---- Given data

lemma distributed_PiM_normal_coordinate:
  assumes "\<sigma> > 0" and "i \<in> I"
  shows "distributed (PiM I (\<lambda>_. density lborel (normal_density 0 \<sigma>))) lborel (\<lambda>\<omega>. \<omega> i)
           (normal_density 0 \<sigma>)"
proof -
  let ?N = "density lborel (\<lambda>x. ennreal (normal_density 0 \<sigma> x))"
  have "prob_space ?N"
    using \<open>\<sigma> > 0\<close> by (rule prob_space_normal_density)
  have "distr (PiM I (\<lambda>_. ?N)) lborel (\<lambda>\<omega>. \<omega> i) = distr (PiM I (\<lambda>_. ?N)) ?N (\<lambda>\<omega>. \<omega> i)"
    by (rule distr_cong) auto
  also have "\<dots> = ?N"
    using \<open>prob_space ?N\<close> \<open>i \<in> I\<close> by (intro distr_PiM_component) auto
  finally have "distr (PiM I (\<lambda>_. ?N)) lborel (\<lambda>\<omega>. \<omega> i) = ?N" .
  moreover have "(\<lambda>\<omega>. \<omega> i) \<in> measurable (PiM I (\<lambda>_. ?N)) lborel"
    using \<open>i \<in> I\<close> measurable_cong_sets[OF refl sets_density[of lborel]] by auto
  ultimately show ?thesis
    by (simp add: distributed_def)
qed

lemma distributed_normal_lincomb:
  fixes a :: "nat \<Rightarrow> real"
  assumes "\<sigma> > 0" and "\<exists>i<n. a i \<noteq> 0"
  shows "distributed (PiM {..<n} (\<lambda>_. density lborel (normal_density 0 \<sigma>))) lborel
           (\<lambda>\<omega>. \<Sum>i<n. a i * \<omega> i) (normal_density 0 (\<sigma> * sqrt (\<Sum>i<n. (a i)\<^sup>2)))"
proof -
  let ?N = "density lborel (\<lambda>x. ennreal (normal_density 0 \<sigma> x))"
  let ?P = "PiM {..<n} (\<lambda>_. ?N)"
  have N: "prob_space ?N"
    using \<open>\<sigma> > 0\<close> by (rule prob_space_normal_density)
  interpret P: prob_space ?P
    using N by (intro prob_space_PiM) auto
  define J where "J = {i. i < n \<and> a i \<noteq> 0}"
  have J: "finite J" "J \<noteq> {}" "J \<subseteq> {..<n}"
    using assms(2) by (auto simp: J_def)
  have "P.indep_vars (\<lambda>_. borel) (\<lambda>i \<omega>. \<omega> i) {..<n}"
    using assms(2) by (intro indep_vars_PiM_coordinates[OF N]) auto
  then have "P.indep_vars (\<lambda>_. borel) (\<lambda>i \<omega>. a i * \<omega> i) {..<n}"
    using P.indep_vars_compose2[of _ _ _ "\<lambda>i x. a i * x" "\<lambda>_. borel"] by simp
  then have ind: "P.indep_vars (\<lambda>_. borel) (\<lambda>i \<omega>. a i * \<omega> i) J"
    using J(3) by (rule P.indep_vars_subset)
  have dist: "distributed ?P lborel (\<lambda>\<omega>. a i * \<omega> i) (normal_density 0 (\<bar>a i\<bar> * \<sigma>))"
    if "i \<in> J" for i
  proof -
    have "distributed ?P lborel (\<lambda>\<omega>. \<omega> i) (normal_density 0 \<sigma>)"
      using that J(3) \<open>\<sigma> > 0\<close> by (intro distributed_PiM_normal_coordinate) auto
    from P.normal_density_affine[OF this \<open>\<sigma> > 0\<close>, of "a i" 0] show ?thesis
      using that by (simp add: J_def)
  qed
  have pos: "0 < \<bar>a i\<bar> * \<sigma>" if "i \<in> J" for i
    using that \<open>\<sigma> > 0\<close> by (simp add: J_def)
  from P.sum_indep_normal[OF J(1,2) ind pos dist]
  have "distributed ?P lborel (\<lambda>\<omega>. \<Sum>i\<in>J. a i * \<omega> i)
      (normal_density 0 (sqrt (\<Sum>i\<in>J. (\<bar>a i\<bar> * \<sigma>)\<^sup>2)))"
    by simp
  moreover have "(\<lambda>\<omega>. \<Sum>i\<in>J. a i * \<omega> i) = (\<lambda>\<omega>. \<Sum>i<n. a i * \<omega> i)"
    by (intro ext sum.mono_neutral_left) (auto simp: J_def)
  moreover have "(\<Sum>i\<in>J. (\<bar>a i\<bar> * \<sigma>)\<^sup>2) = \<sigma>\<^sup>2 * (\<Sum>i<n. (a i)\<^sup>2)"
    by (subst sum.mono_neutral_left[of "{..<n}" J])
       (auto simp: J_def sum_distrib_left power_mult_distrib mult.commute)
  ultimately show ?thesis
    using \<open>\<sigma> > 0\<close> by (simp add: real_sqrt_mult)
qed

lemma (in prob_space) normal_upper_tail:
  assumes Z: "distributed M lborel Z (normal_density 0 s)" and "s > 0" and "T > 0"
  shows "prob {\<omega> \<in> space M. T < Z \<omega>} \<le> s / (T * sqrt (2 * pi)) * exp (- T\<^sup>2 / (2 * s\<^sup>2))"
proof -
  define F where "F x = - (s\<^sup>2 / T) * normal_density 0 s x" for x
  have "emeasure M {\<omega> \<in> space M. T < Z \<omega>}
      = (\<integral>\<^sup>+x. ennreal (normal_density 0 s x) * indicator {T<..} x \<partial>lborel)"
    using distributed_emeasure[OF Z, of "{T<..}"] by (simp add: vimage_def Int_def conj_commute)
  also have "\<dots> \<le> (\<integral>\<^sup>+x. ennreal (x / T * normal_density 0 s x) * indicator {T..} x \<partial>lborel)"
    using \<open>T > 0\<close>
    by (intro nn_integral_mono)
       (auto simp: indicator_def intro!: ennreal_leI mult_right_mono[of 1 "_ / T", simplified])
  also have "\<dots> = ennreal (0 - F T)"
  proof (rule nn_integral_FTC_atLeast)
    show "DERIV F x :> x / T * normal_density 0 s x" for x
      unfolding F_def normal_density_def using \<open>s > 0\<close> \<open>T > 0\<close>
      by (auto intro!: derivative_eq_intros simp: field_simps power2_eq_square)
    show "(F \<longlongrightarrow> 0) at_top"
      unfolding F_def normal_density_def using \<open>s > 0\<close> by real_asymp
  qed (use \<open>T > 0\<close> in auto)
  also have "0 - F T = s / (T * sqrt (2 * pi)) * exp (- T\<^sup>2 / (2 * s\<^sup>2))"
    unfolding F_def normal_density_def using \<open>s > 0\<close> \<open>T > 0\<close>
    by (simp add: real_sqrt_mult field_simps power2_eq_square)
  finally show ?thesis
    using \<open>s > 0\<close> \<open>T > 0\<close> by (simp add: emeasure_eq_measure ennreal_le_iff)
qed

lemma (in prob_space) normal_square_tail:
  assumes Z: "distributed M lborel Z (normal_density 0 s)" and "s > 0" and "w \<ge> 1"
  shows "prob {\<omega> \<in> space M. s\<^sup>2 * w < (Z \<omega>)\<^sup>2} \<le> exp (- w / 2)"
proof -
  define T where "T = s * sqrt w"
  have "T > 0"
    using \<open>s > 0\<close> \<open>w \<ge> 1\<close> by (simp add: T_def)
  have one_sided: "prob {\<omega> \<in> space M. T < Y \<omega>} \<le> exp (- w / 2) / 2"
    if "distributed M lborel Y (normal_density 0 s)" for Y
  proof -
    have "2 \<le> sqrt (2 * pi)"
      using pi_gt3 by (intro real_le_rsqrt) simp
    moreover have "1 \<le> sqrt w"
      using \<open>w \<ge> 1\<close> by simp
    ultimately have "2 \<le> sqrt w * sqrt (2 * pi)"
      using mult_mono[of 1 "sqrt w" 2 "sqrt (2 * pi)"] by simp
    then have "exp (- w / 2) / (sqrt w * sqrt (2 * pi)) \<le> exp (- w / 2) / 2"
      by (intro divide_left_mono) auto
    moreover have "s / (T * sqrt (2 * pi)) * exp (- T\<^sup>2 / (2 * s\<^sup>2))
        = exp (- w / 2) / (sqrt w * sqrt (2 * pi))"
      using \<open>s > 0\<close> \<open>w \<ge> 1\<close> by (simp add: T_def power_mult_distrib field_simps)
    ultimately show ?thesis
      using normal_upper_tail[OF that \<open>s > 0\<close> \<open>T > 0\<close>] by linarith
  qed
  have "distributed M lborel (\<lambda>\<omega>. - Z \<omega>) (normal_density 0 s)"
    using normal_density_affine[OF Z \<open>s > 0\<close>, of "-1" 0] by simp
  then have "prob {\<omega> \<in> space M. T < Z \<omega>} + prob {\<omega> \<in> space M. T < - Z \<omega>} \<le> exp (- w / 2)"
    using one_sided[OF Z] one_sided by fastforce
  moreover have "T\<^sup>2 < x\<^sup>2 \<longleftrightarrow> T < x \<or> T < - x" for x :: real
  proof -
    have "T\<^sup>2 < x\<^sup>2 \<longleftrightarrow> \<bar>T\<bar> < \<bar>x\<bar>"
      by (metis abs_le_square_iff not_le)
    then show ?thesis
      using \<open>T > 0\<close> by auto
  qed
  then have "{\<omega> \<in> space M. s\<^sup>2 * w < (Z \<omega>)\<^sup>2}
      = {\<omega> \<in> space M. T < Z \<omega>} \<union> {\<omega> \<in> space M. T < - Z \<omega>}"
    using \<open>w \<ge> 1\<close> by (auto simp: T_def power_mult_distrib)
  moreover have "Z \<in> borel_measurable M"
    using distributed_measurable[OF Z] by simp
  ultimately show ?thesis
    using measure_Un_le[of "{\<omega> \<in> space M. T < Z \<omega>}" M "{\<omega> \<in> space M. T < - Z \<omega>}"]
    by simp
qed

lemma prob_space_noise_measure: "\<sigma>2 > 0 \<Longrightarrow> prob_space (noise_measure n \<sigma>2)"
  unfolding noise_measure_def by (intro prob_space_PiM prob_space_normal_density) auto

--------

Problem to solve - Lines holding the string "unfolding": find them in the listing above and copy each one.

Response to this task -
      unfolding F_def normal_density_def using \<open>s > 0\<close> \<open>T > 0\<close>
      unfolding F_def normal_density_def using \<open>s > 0\<close> by real_asymp
    unfolding F_def normal_density_def using \<open>s > 0\<close> \<open>T > 0\<close>
  unfolding noise_measure_def by (intro prob_space_PiM prob_space_normal_density) auto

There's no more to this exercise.